"I'm pretty sure my kid is a sociopath at least and she is only 4. I realized this about 2 months ago.
She does things that are intentionally mean and hurtful, both physically and emotionally. She abuses our animals, she intentionally hurts us and others, under the disguise of giving hugs. She has dug her fingers into the necks of our family including her older sibling. These aren't things done when she's mad, and the creepiest part is that she laughs when she does these types of things.
I suspect she may also do these things to children at school. She manipulates the kids at school sometimes, to get them in trouble. She gets in trouble a lot at school as well for disobedience and the like.

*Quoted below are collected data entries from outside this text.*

lemma card_uncoloured_upd_col_less:
  assumes "finite V" and "legal_move V E A C y c" and "upd_col c y A C = (A', C')"
  shows "card (V - (A' \<union> C')) < card (V - (A \<union> C))"
proof -
  have "A' \<union> C' = insert y (A \<union> C)"
    using assms(3) by (rule upd_col_Un)
  moreover have "V - insert y (A \<union> C) \<subset> V - (A \<union> C)"
    using assms(2) by (auto simp: legal_move_def)
  ultimately show ?thesis
    using assms(1) by (simp add: psubset_card_mono)
qed

lemma not_sepy_cond_if_invariant_within_one_move:
  assumes safe: "\<And>A C. I A C \<Longrightarrow> \<not> sepy_cond V E A C"
    and "I A C \<or> (\<exists>z d. legal_move V E A C z d \<and> case_prod I (upd_col d z A C))"
  shows "\<not> sepy_cond V E A C"
proof
  assume sepy: "sepy_cond V E A C"
  then have "\<not> I A C"
    using safe by blast
  then obtain z d A' C' where "upd_col d z A C = (A', C')" and "I A' C'"
    using assms(2) by (metis case_prod_conv surj_pair)
  then show False
    using safe sepy sepy_cond_mono upd_col_mono by metis
qed

lemma dom_wins_from_invariant:
  assumes "finite V"
    and safe: "\<And>A C. I A C \<Longrightarrow> \<not> sepy_cond V E A C"
    and extend: "\<And>A C. I A C \<Longrightarrow> \<not> dom_cond V E A C \<Longrightarrow>
      \<exists>z d. legal_move V E A C z d \<and> case_prod I (upd_col d z A C)"
    and restore: "\<And>A C y c A' C'. I A C \<Longrightarrow> legal_move V E A C y c \<Longrightarrow>
      upd_col c y A C = (A', C') \<Longrightarrow>
      I A' C' \<or> (\<exists>z d. legal_move V E A' C' z d \<and> case_prod I (upd_col d z A' C'))"
    and "I A C"
  shows "dom_wins V E False A C"
  using \<open>I A C\<close>
proof (induction "card (V - (A \<union> C))" arbitrary: A C rule: less_induct)
  case less
  have reply: "dom_wins V E True A' C'"
    if move: "legal_move V E A C y c" and pos: "upd_col c y A C = (A', C')" for y c A' C'
  proof -
    have reply_into_I: "\<exists>z d. legal_move V E A' C' z d \<and> case_prod I (upd_col d z A' C')"
      if "\<not> dom_cond V E A' C'"
      using restore[OF less.prems move pos] extend[OF _ that] by blast
    have no_sepy: "\<not> sepy_cond V E A' C'"
      using safe restore[OF less.prems move pos] by (rule not_sepy_cond_if_invariant_within_one_move)
    show ?thesis
    proof (cases "dom_cond V E A' C'")
      case True
      then show ?thesis using no_sepy by (rule dom_wins.won[rotated])
    next
      case False
      then obtain z d A'' C'' where move': "legal_move V E A' C' z d"
        and pos': "upd_col d z A' C' = (A'', C'')" and I'': "I A'' C''"
        using reply_into_I by (metis case_prod_conv surj_pair)
      have "card (V - (A'' \<union> C'')) < card (V - (A \<union> C))"
        using card_uncoloured_upd_col_less[OF \<open>finite V\<close> move' pos']
          card_uncoloured_upd_col_less[OF \<open>finite V\<close> move pos] by linarith
      then have "dom_wins V E False A'' C''"
        using less.hyps I'' by blast
      then show ?thesis
        using dom_wins.dom_move[OF no_sepy False move'] pos' by simp
    qed
  qed
  show ?case
  proof (cases "dom_cond V E A C")
    case True
    then show ?thesis using safe[OF less.prems] by (rule dom_wins.won[rotated])
  next
    case False
    show ?thesis
    proof (rule dom_wins.sepy_move[OF safe[OF less.prems] False])
      show "\<exists>y c. legal_move V E A C y c"
        using extend[OF less.prems False] by blast
      show "\<forall>y c. legal_move V E A C y c \<longrightarrow>
          dom_wins V E True (fst (upd_col c y A C)) (snd (upd_col c y A C))"
        using reply by simp
    qed
  qed
qed

lemma simple_graph_symp: "simple_graph V E \<Longrightarrow> symp E"
  by (simp add: simple_graph_def symp_def)

lemma cnbhd_sym: "symp E \<Longrightarrow> x \<in> cnbhd E y \<longleftrightarrow> y \<in> cnbhd E x"
  by (metis mem_cnbhd_iff sympD)

lemma legal_move_has_neighbour_outside:
  assumes "isolate_free V E" and "legal_move V E A C y c"
  shows "\<exists>t. E y t \<and> t \<notin> col_set c A C"
proof -
  obtain w where w: "w \<in> cnbhd E y" "cnbhd E w \<inter> col_set c A C = {}"
    using assms(2) by (auto simp: legal_move_def)
  show ?thesis
  proof (cases "w = y")
    case True
    obtain t where "E y t"
      using assms by (auto simp: isolate_free_def legal_move_def)
    then show ?thesis using w True by (auto simp: mem_cnbhd_iff)
  next
    case False
    then show ?thesis using w by (auto simp: mem_cnbhd_iff)
  qed
qed

text \<open>
  Take \<open>z\<close> to be the vertex nearest to \<open>x\<close> on the path whose closed neighbourhood meets \<open>C\<close>,
  and \<open>w\<close> its successor.
\<close>
lemma rtranclp_boundary_vertex:
  assumes "symp E" and "E\<^sup>*\<^sup>* a x" and "a \<in> C" and "cnbhd E x \<inter> C = {}"
  shows "\<exists>z b w. z \<notin> C \<and> b \<in> C \<and> E z b \<and> w \<in> cnbhd E z \<and> cnbhd E w \<inter> C = {}"
  using assms(2-4)
proof (induction rule: rtranclp_induct)
  case base
  then show ?case by (auto simp: mem_cnbhd_iff)
next
  case (step m x)
  show ?case
  proof (cases "cnbhd E m \<inter> C = {}")
    case True
    then show ?thesis using step by blast
  next
    case False
    then obtain b where b: "b \<in> cnbhd E m" "b \<in> C" by auto
    have "m \<in> cnbhd E x"
      using sympD[OF \<open>symp E\<close> step.hyps(2)] by (simp add: mem_cnbhd_iff)
    then have "m \<notin> C"
      using step.prems(2) by blast
    moreover have "x \<in> cnbhd E m"
      using step.hyps(2) by (simp add: mem_cnbhd_iff)
    ultimately show ?thesis
      using b step.prems(2) by (auto simp: mem_cnbhd_iff)
  qed
qed

locale dominated_pair =
  fixes V :: "'a set" and E :: "'a \<Rightarrow> 'a \<Rightarrow> bool" and u v :: 'a
  assumes simple: "simple_graph V E" and connected: "connected_graph V E"
    and no_isolates: "isolate_free V E"
    and u_in_V: "u \<in> V" and v_in_V: "v \<in> V" and u_neq_v: "u \<noteq> v"
    and cnbhd_subset: "cnbhd E u \<subseteq> cnbhd E v"
begin

lemma symp_E: "symp E"
  using simple by (rule simple_graph_symp)

lemma edge_sym: "E x y \<Longrightarrow> E y x"
  using symp_E by (rule sympD)

lemma not_edge_refl: "\<not> E x x"
  using simple by (simp add: simple_graph_def)

lemma edge_in_V: "E x y \<Longrightarrow> x \<in> V \<and> y \<in> V"
  using simple by (simp add: simple_graph_def)

lemma E_v_u: "E v u"
  using cnbhd_subset u_neq_v by (auto simp: cnbhd_def)

definition balanced :: "'a set \<Rightarrow> 'a set \<Rightarrow> bool" where
  "balanced Vp Vb \<longleftrightarrow> Vp \<subseteq> V \<and> Vb \<subseteq> V \<and> Vp \<inter> Vb = {} \<and> v \<in> Vp \<and> u \<notin> Vp \<and>
     (\<forall>x\<in>Vp - {v}. \<exists>y\<in>Vb. E x y) \<and> (\<forall>x\<in>Vb. \<exists>y\<in>Vp. E x y)"

lemma balanced_partner:
  assumes "balanced Vp Vb" and "x \<in> col_set d Vp Vb" and "x \<noteq> v"
  shows "\<exists>y\<in>col_set (opp d) Vp Vb. E x y"
  using assms by (cases d) (auto simp: balanced_def col_set_def)

lemma balanced_not_sepy_cond:
  assumes bal: "balanced Vp Vb"
  shows "\<not> sepy_cond V E Vp Vb"
proof
  assume "sepy_cond V E Vp Vb"
  then obtain x where "cnbhd E x \<subseteq> col_set P Vp Vb \<or> cnbhd E x \<subseteq> col_set B Vp Vb"
    by (auto simp: sepy_cond_def col_set_def)
  then obtain d where mono: "cnbhd E x \<subseteq> col_set d Vp Vb"
    by blast
  have "x \<in> col_set d Vp Vb"
    using mono by (auto simp: cnbhd_def)
  show False
  proof (cases "x = v")
    case True
    have "u \<notin> col_set d Vp Vb"
      using bal \<open>x \<in> col_set d Vp Vb\<close> True by (cases d) (auto simp: balanced_def col_set_def)
    then show False
      using mono True E_v_u by (auto simp: mem_cnbhd_iff)
  next
    case False
    then obtain y where "y \<in> col_set (opp d) Vp Vb" "E x y"
      using balanced_partner[OF bal \<open>x \<in> col_set d Vp Vb\<close>] by blast
    then show False
      using mono bal by (cases d) (auto simp: balanced_def col_set_def mem_cnbhd_iff)
  qed
qed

We took her for a psychological evaluation and they wanted to do a whole work up. They even mentioned autism, but I don't think that's it, or not all of it. She honestly scares me at times and I won't leave her alone with other children or our animals, even to use the restroom."
"My 17-year-old son robbed a guy in a wheelchair, behind a Burger King. The man never reported it and we only found out about it much later, when he was bragging about it.
My son is now 19 and has been in jail/mental institutions for most of the last five years. I honestly don't think he knows how to function in the real world anymore.
He has been a little brat since he was 13, but this was the lowest. Actually, up until age 13, he was a wonderful kid. His teachers loved him, we always did volunteer work together as a family, and he was a fantastic big brother. That's one of the things that was hardest to accept because we felt like the son we knew was gone.
My husband and I used to feel guilty for his behaviors when they first started. We tried therapy, medications, hospitalizations, and anything suggested. We raised our sons the same, and with completely different outcomes. The only difference is that our oldest is adopted and our youngest is biologically my husband's and I. I am absolutely NOT saying that adopted children are somehow different, but the foundation of his childhood was vastly different. His birth mother abandoned him just after his first birthday and then had sporadic contact until his adoption was finalized when he was three. She, herself, had significant mental health issues, some of which were passed down to our son. We knew this was a possibility and just had to do the best we could to give him as normal of a life as possible."
"After over a decade of being a complete screw-up, my friend's son (26, still living with his parents) ran over a pedestrian last week. Before that, his most despised episode was stealing money from his family members while the rest of us were in the living room with his dying grandfather.
He had been drinking at the time that he ran over the pedestrian. It was the second or third time he's been pulled over for driving under the influence.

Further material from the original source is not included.